Redirect – A technique used on the web to forward the user from one url to another. This may be due to a file’s location change on the same server or a file’s relocation to a new server.

Robots.txt – A text file placed in the root directory of a web site that prohibits crawlers from indexing all or specific pages of the site. The Robots Exclusion protocol provides a format for designating which directories and files are off limits to the crawler.

Robots.txt Query Exclusion – Error message indicating that the requested information was not captured by the crawler because the site owner asked that the information be excluded from capture using a robots.txt file.

Server Side Image Maps – Image maps where the image is stored on the server and accessed each time a portion of the image is selected by a user. Image maps are images where various portions of the image are assigned a specific action (i.e., link to another page, run a program, etc.).

Streaming Media – A one-way transmission (audio, video, etc.) over a data network that is played as it is received and is not stored permanently on the requesting computer.

URL (Uniform Resource Locator) – A web address (for example, ), usually consisting of the access protocol (http), the domain name ( ), and optionally the path to a file or resource residing on that server (/records/archives/).

Web – A decentralized, global network connecting millions of computers.

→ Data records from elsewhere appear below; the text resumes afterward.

(* Let $n\equiv0\pmod 4$ and let $C$ be a Type III code of length $n$. Let $\mathrm{III}_n$ be the set of all Type III codes of length $n$. Then: \[ \text{(i)}\quad \frac1{|\mathrm{III}_n|}\sum_{D\in\mathrm{III}_n}|C\cap D|=4-\frac{4}{3^{n/2-1}+1}; \] \[ \text{(ii)}\quad \frac1{|\mathrm{III}_n|}\sum_{D\in\mathrm{III}_n}|C\cap D|^2=\frac{40\,(3^{n/2})^2}{(3^{n/2}+3)(3^{n/2}+9)}. \]
   Context: A Type III code of length $n$ ($n\equiv0\pmod4$) is a self-dual linear code $C\subseteq\mathbb F_3^n$, i.e. $C=C^\perp$ with respect to the inner product $u\cdot v=\sum_i u_iv_i$, in which every codeword has Hamming weight divisible by $3$. Such codes have dimension $n/2$. *)

theory Defs
  imports "HOL-Analysis.Analysis" "HOL-Library.Numeral_Type"
begin

text \<open>Ternary vectors of length n: functions nat => 3 (the type 3 is Z/3Z = F_3)
  vanishing outside {0..<n}.\<close>

definition tvecs :: "nat \<Rightarrow> (nat \<Rightarrow> 3) set" where
  "tvecs n = {v. \<forall>i\<ge>n. v i = 0}"

definition tinner :: "nat \<Rightarrow> (nat \<Rightarrow> 3) \<Rightarrow> (nat \<Rightarrow> 3) \<Rightarrow> 3" where
  "tinner n u v = (\<Sum>i<n. u i * v i)"

definition hweight :: "nat \<Rightarrow> (nat \<Rightarrow> 3) \<Rightarrow> nat" where
  "hweight n v = card {i. i < n \<and> v i \<noteq> 0}"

It allows computer users to communicate information to each other.

Web Page - A resource on the web, usually in HTML/XML format and with hypertext links to enable navigation from one page or section to another, displayed with a web browser. A web page can contain any of the following:
Graphics (.gif, .jpeg or .png)
Audio (.mid or .wav)
Interactive multimedia content that requires a plug-in such as Flash, Shockwave or VML
Applets (subprograms that run inside the page) which often provide motion graphics, interaction, and sound

Web Site – A set of interconnected web pages, usually including a homepage, generally located on the same server, and prepared and maintained as a collection of information by a person, group, or organization.